====== Given information

lemma critical_point_in_nbhd_N:
  fixes \<mu> :: "complex measure"
  assumes "prob_space \<mu>" "sets \<mu> = sets borel" "0 < e" "0 < n"
    and sample: "\<And>j. j < n \<Longrightarrow> x j \<in> msupp \<mu>"
    and bounded: "\<And>w. w \<in> msupp \<mu> \<Longrightarrow> norm w \<le> B"
    and F_far: "\<And>y. y \<in> F \<Longrightarrow> e \<le> infdist y (msupp \<mu>)"
    and net: "\<And>z. norm z \<le> B \<Longrightarrow> e \<le> infdist z (msupp \<mu> \<union> zeros_CT \<mu>) \<Longrightarrow>
      \<delta> \<le> norm (cauchy_transform \<mu> z) \<and> (\<exists>y\<in>F. dist y z < \<delta> * e\<^sup>2 / 4)"
    and close: "\<And>y. y \<in> F \<Longrightarrow> dist (empirical_cauchy_transform n x y) (cauchy_transform \<mu> y) < \<delta> / 4"
    and critical: "poly (pderiv (rand_poly n x)) z = 0"
  shows "z \<in> nbhd_N \<mu> e"
proof (rule ccontr)
  assume "z \<notin> nbhd_N \<mu> e"
  then have far: "e \<le> infdist z (msupp \<mu> \<union> zeros_CT \<mu>)"
    by (simp add: nbhd_N_def)
  show False
  proof (cases "norm z \<le> B")
    case True
    have z_supp: "e \<le> infdist z (msupp \<mu>)"
      using far infdist_msupp_Un_zeros_le[OF assms(1,2)] by (rule order_trans)
    obtain y where y: "y \<in> F" "dist y z < \<delta> * e\<^sup>2 / 4" and \<delta>: "\<delta> \<le> norm (cauchy_transform \<mu> z)"
      using net[OF True far] by blast
    have "2 * dist y z / e\<^sup>2 < \<delta> / 2"
      using y(2) assms(3) by (simp add: field_simps)
    with close[OF y(1)] have closeness: "dist (empirical_cauchy_transform n x y) (cauchy_transform \<mu> y)
        + 2 * dist y z / e\<^sup>2 < norm (cauchy_transform \<mu> z)"
      using \<delta> zero_le_dist[of "empirical_cauchy_transform n x y" "cauchy_transform \<mu> y"] by linarith
    have "empirical_cauchy_transform n x z \<noteq> 0"
      using sample closeness
      by (rule empirical_cauchy_transform_ne_0_near[where n = n and x = x, OF assms(1-3) z_supp F_far[OF y(1)]])
    moreover have "z \<noteq> x j" if "j < n" for j
      using z_supp assms(3) infdist_le[OF sample[OF that], of z] by auto
    ultimately show False
      using empirical_cauchy_transform_eq_0_if_critical[OF critical] by blast
  next
    case False
    then have "norm (x j) < norm z" if "j < n" for j
      using bounded[OF sample[OF that]] by simp
    then show False
      using empirical_cauchy_transform_ne_0_outside[OF assms(4)]
        empirical_cauchy_transform_eq_0_if_critical[OF critical] by fastforce
  qed
qed

lemma prob_critical_points_in_nbhd_N:
  fixes \<mu> :: "complex measure"
  assumes "prob_space \<mu>" "sets \<mu> = sets borel" "0 < e" "0 < \<delta>" "finite F" "1 \<le> n"
    and bounded: "\<And>w. w \<in> msupp \<mu> \<Longrightarrow> norm w \<le> B"
    and F_far: "\<And>y. y \<in> F \<Longrightarrow> e \<le> infdist y (msupp \<mu>)"
    and net: "\<And>z. norm z \<le> B \<Longrightarrow> e \<le> infdist z (msupp \<mu> \<union> zeros_CT \<mu>) \<Longrightarrow>
      \<delta> \<le> norm (cauchy_transform \<mu> z) \<and> (\<exists>y\<in>F. dist y z < \<delta> * e\<^sup>2 / 4)"
  shows "\<exists>A \<in> sets (PiM {..<n} (\<lambda>_. \<mu>)).
    A \<subseteq> {x. \<forall>z. poly (pderiv (rand_poly n x)) z = 0 \<longrightarrow> z \<in> nbhd_N \<mu> e} \<and>
    1 - 4 * real (card F) * exp (- real n * (\<delta> / 8)\<^sup>2 * e\<^sup>2 / 2) \<le> measure (PiM {..<n} (\<lambda>_. \<mu>)) A"
proof -
  define A where "A = {x \<in> space (PiM {..<n} (\<lambda>_. \<mu>)). (\<forall>j<n. x j \<in> msupp \<mu>) \<and>
    (\<forall>y\<in>F. dist (empirical_cauchy_transform n x y) (cauchy_transform \<mu> y) < 2 * (\<delta> / 8))}"
  have subset: "A \<subseteq> {x. \<forall>z. poly (pderiv (rand_poly n x)) z = 0 \<longrightarrow> z \<in> nbhd_N \<mu> e}"
  proof (intro subsetI CollectI allI impI)
    fix x z assume "x \<in> A" "poly (pderiv (rand_poly n x)) z = 0"
    then show "z \<in> nbhd_N \<mu> e"
      using assms(6) by (intro critical_point_in_nbhd_N[where n = n and x = x, OF assms(1-3) _ _ bounded F_far net])
        (auto simp: A_def)
  qed
  have "0 \<le> \<delta> / 8" "0 < n"
    using assms(4,6) by simp_all
  note close = prob_empirical_cauchy_transform_close[OF assms(1,2,5,3) F_far this, folded A_def]
  show ?thesis
  proof (rule bexI[of _ A])
    show "A \<in> sets (PiM {..<n} (\<lambda>_. \<mu>))"
      by (rule close(1))
    show "A \<subseteq> {x. \<forall>z. poly (pderiv (rand_poly n x)) z = 0 \<longrightarrow> z \<in> nbhd_N \<mu> e} \<and>
      1 - 4 * real (card F) * exp (- real n * (\<delta> / 8)\<^sup>2 * e\<^sup>2 / 2) \<le> measure (PiM {..<n} (\<lambda>_. \<mu>)) A"
      using subset close(2) by (rule conjI)
  qed
qed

============

## [Exercise details]
Restate the whole listing exactly.

## [Output]
lemma critical_point_in_nbhd_N:
  fixes \<mu> :: "complex measure"
  assumes "prob_space \<mu>" "sets \<mu> = sets borel" "0 < e" "0 < n"
    and sample: "\<And>j. j < n \<Longrightarrow> x j \<in> msupp \<mu>"
    and bounded: "\<And>w. w \<in> msupp \<mu> \<Longrightarrow> norm w \<le> B"
    and F_far: "\<And>y. y \<in> F \<Longrightarrow> e \<le> infdist y (msupp \<mu>)"
    and net: "\<And>z. norm z \<le> B \<Longrightarrow> e \<le> infdist z (msupp \<mu> \<union> zeros_CT \<mu>) \<Longrightarrow>
      \<delta> \<le> norm (cauchy_transform \<mu> z) \<and> (\<exists>y\<in>F. dist y z < \<delta> * e\<^sup>2 / 4)"
    and close: "\<And>y. y \<in> F \<Longrightarrow> dist (empirical_cauchy_transform n x y) (cauchy_transform \<mu> y) < \<delta> / 4"
    and critical: "poly (pderiv (rand_poly n x)) z = 0"
  shows "z \<in> nbhd_N \<mu> e"
proof (rule ccontr)
  assume "z \<notin> nbhd_N \<mu> e"
  then have far: "e \<le> infdist z (msupp \<mu> \<union> zeros_CT \<mu>)"
    by (simp add: nbhd_N_def)
  show False
  proof (cases "norm z \<le> B")
    case True
    have z_supp: "e \<le> infdist z (msupp \<mu>)"
      using far infdist_msupp_Un_zeros_le[OF assms(1,2)] by (rule order_trans)
    obtain y where y: "y \<in> F" "dist y z < \<delta> * e\<^sup>2 / 4" and \<delta>: "\<delta> \<le> norm (cauchy_transform \<mu> z)"
      using net[OF True far] by blast
    have "2 * dist y z / e\<^sup>2 < \<delta> / 2"
      using y(2) assms(3) by (simp add: field_simps)
    with close[OF y(1)] have closeness: "dist (empirical_cauchy_transform n x y) (cauchy_transform \<mu> y)
        + 2 * dist y z / e\<^sup>2 < norm (cauchy_transform \<mu> z)"
      using \<delta> zero_le_dist[of "empirical_cauchy_transform n x y" "cauchy_transform \<mu> y"] by linarith
    have "empirical_cauchy_transform n x z \<noteq> 0"
      using sample closeness
      by (rule empirical_cauchy_transform_ne_0_near[where n = n and x = x, OF assms(1-3) z_supp F_far[OF y(1)]])
    moreover have "z \<noteq> x j" if "j < n" for j
      using z_supp assms(3) infdist_le[OF sample[OF that], of z] by auto
    ultimately show False
      using empirical_cauchy_transform_eq_0_if_critical[OF critical] by blast
  next
    case False
    then have "norm (x j) < norm z" if "j < n" for j
      using bounded[OF sample[OF that]] by simp
    then show False
      using empirical_cauchy_transform_ne_0_outside[OF assms(4)]
        empirical_cauchy_transform_eq_0_if_critical[OF critical] by fastforce
  qed
qed

lemma prob_critical_points_in_nbhd_N:
  fixes \<mu> :: "complex measure"
  assumes "prob_space \<mu>" "sets \<mu> = sets borel" "0 < e" "0 < \<delta>" "finite F" "1 \<le> n"
    and bounded: "\<And>w. w \<in> msupp \<mu> \<Longrightarrow> norm w \<le> B"
    and F_far: "\<And>y. y \<in> F \<Longrightarrow> e \<le> infdist y (msupp \<mu>)"
    and net: "\<And>z. norm z \<le> B \<Longrightarrow> e \<le> infdist z (msupp \<mu> \<union> zeros_CT \<mu>) \<Longrightarrow>
      \<delta> \<le> norm (cauchy_transform \<mu> z) \<and> (\<exists>y\<in>F. dist y z < \<delta> * e\<^sup>2 / 4)"
  shows "\<exists>A \<in> sets (PiM {..<n} (\<lambda>_. \<mu>)).
    A \<subseteq> {x. \<forall>z. poly (pderiv (rand_poly n x)) z = 0 \<longrightarrow> z \<in> nbhd_N \<mu> e} \<and>
    1 - 4 * real (card F) * exp (- real n * (\<delta> / 8)\<^sup>2 * e\<^sup>2 / 2) \<le> measure (PiM {..<n} (\<lambda>_. \<mu>)) A"
proof -
  define A where "A = {x \<in> space (PiM {..<n} (\<lambda>_. \<mu>)). (\<forall>j<n. x j \<in> msupp \<mu>) \<and>
    (\<forall>y\<in>F. dist (empirical_cauchy_transform n x y) (cauchy_transform \<mu> y) < 2 * (\<delta> / 8))}"
  have subset: "A \<subseteq> {x. \<forall>z. poly (pderiv (rand_poly n x)) z = 0 \<longrightarrow> z \<in> nbhd_N \<mu> e}"
  proof (intro subsetI CollectI allI impI)
    fix x z assume "x \<in> A" "poly (pderiv (rand_poly n x)) z = 0"
    then show "z \<in> nbhd_N \<mu> e"
      using assms(6) by (intro critical_point_in_nbhd_N[where n = n and x = x, OF assms(1-3) _ _ bounded F_far net])
        (auto simp: A_def)
  qed
  have "0 \<le> \<delta> / 8" "0 < n"
    using assms(4,6) by simp_all
  note close = prob_empirical_cauchy_transform_close[OF assms(1,2,5,3) F_far this, folded A_def]
  show ?thesis
  proof (rule bexI[of _ A])
    show "A \<in> sets (PiM {..<n} (\<lambda>_. \<mu>))"
      by (rule close(1))
    show "A \<subseteq> {x. \<forall>z. poly (pderiv (rand_poly n x)) z = 0 \<longrightarrow> z \<in> nbhd_N \<mu> e} \<and>
      1 - 4 * real (card F) * exp (- real n * (\<delta> / 8)\<^sup>2 * e\<^sup>2 / 2) \<le> measure (PiM {..<n} (\<lambda>_. \<mu>)) A"
      using subset close(2) by (rule conjI)
  qed
qed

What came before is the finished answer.